Quote by Dr. Nicolas Lampkin, Agriculture Specialist, University of Wales in Aberystwyth. Paul Ames, Associated Press, December 27, 1999
Organic farming became one of the fastest growing segments of U.S. agriculture during the 1990's. Certified organic cropland more than doubled from 1992 to 1997, and two organic livestock sectors-eggs and dairy-grew even faster.
Economic Research Service, USDA
The number of certified organic milk cows in the U.S. nearly tripled between 1992 and 1994.
ibid.
The United States had 537,826 certified organic layer hens in 1997, up sharply from 47,700 in 1994.
ibid.
Community Supported Agriculture (CSA) connects local farmers with consumers; local farms grow food specifically for CSA members. As of January 1999, there were over 1000 Community Supported Agriculture (CSA) farms across the US and Canada.

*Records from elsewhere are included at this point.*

(* The coefficient identity A(z) B(z) = 1 follows from the two representations alone:
   compute E[eps 0 eps p] by expanding eps p through the AR series. *)
lemma coefficients_convolution_inverse: "convolution_inverse a b"
  unfolding convolution_inverse_def
proof
  fix p
  have cov: "integral\<^sup>L M (\<lambda>\<omega>. eps 0 \<omega> * X (int p - int j) \<omega>) = (if j \<le> p then s2 * b (p - j) else 0)"
    for j
    by (simp add: noise_X_cov nat_minus_as_int)
  have partial: "integral\<^sup>L M (\<lambda>\<omega>. eps 0 \<omega> * (\<Sum>j<N. a j * X (int p - int j) \<omega>))
      = (\<Sum>j<N. if j \<le> p then s2 * (a j * b (p - j)) else 0)" for N
    by (simp add: integral_mult_sum eps_square_integrable X_square_integrable cov)
      (intro sum.cong refl, simp)
  have "(\<lambda>N. integral\<^sup>L M (\<lambda>\<omega>. eps 0 \<omega> * (\<Sum>j<N. a j * X (int p - int j) \<omega>)))
      \<longlonglongrightarrow> s2 * (\<Sum>j\<le>p. a j * b (p - j))"
    unfolding partial
    by (rule tendsto_eventually, rule eventually_sequentiallyI[of "Suc p"])
       (simp add: sum_lessThan_truncate sum_distrib_left)
  from LIMSEQ_unique[OF L2_sums_inner[OF AR eps_square_integrable] this]
  have "s2 * (\<Sum>j\<le>p. a j * b (p - j)) = (if p = 0 then s2 else 0)"
    by (simp add: noise_cov)
  with noise_var_pos show "(\<Sum>j\<le>p. a j * b (p - j)) = (if p = 0 then 1 else 0)"
    by (cases "p = 0") auto
qed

University of Massachusetts Extension
Responsible management of the natural resources of soil, water, and wildlife on the 60 percent of all U.S. farms less than 180 acres in size, produces significant environmental benefits for society.
A Time To Act report, USDA National Commission on Small Farms, 1998
The smallest U.S. farms, those of 27 acres or less, have more than ten times greater dollar output per acre than larger farms.
Dr. Peter Rosset, "The Multiple Functions and Benefits of Small Farm Agriculture", Institute for Food and Development Policy, September 1999
In farming communities dominated by large corporate farms, nearby towns died off. Where family farms predominated, there were more local businesses, paved streets and sidewalks, schools, parks, churches, clubs, and newspapers, better services, higher employment, and more civic participation.
ibid
In the United States, small farmers devote 17% of their area to woodlands, compared to only 5% on large farms. Small farms maintain nearly twice as much of their land in "soil improving uses," including cover crops and green manures.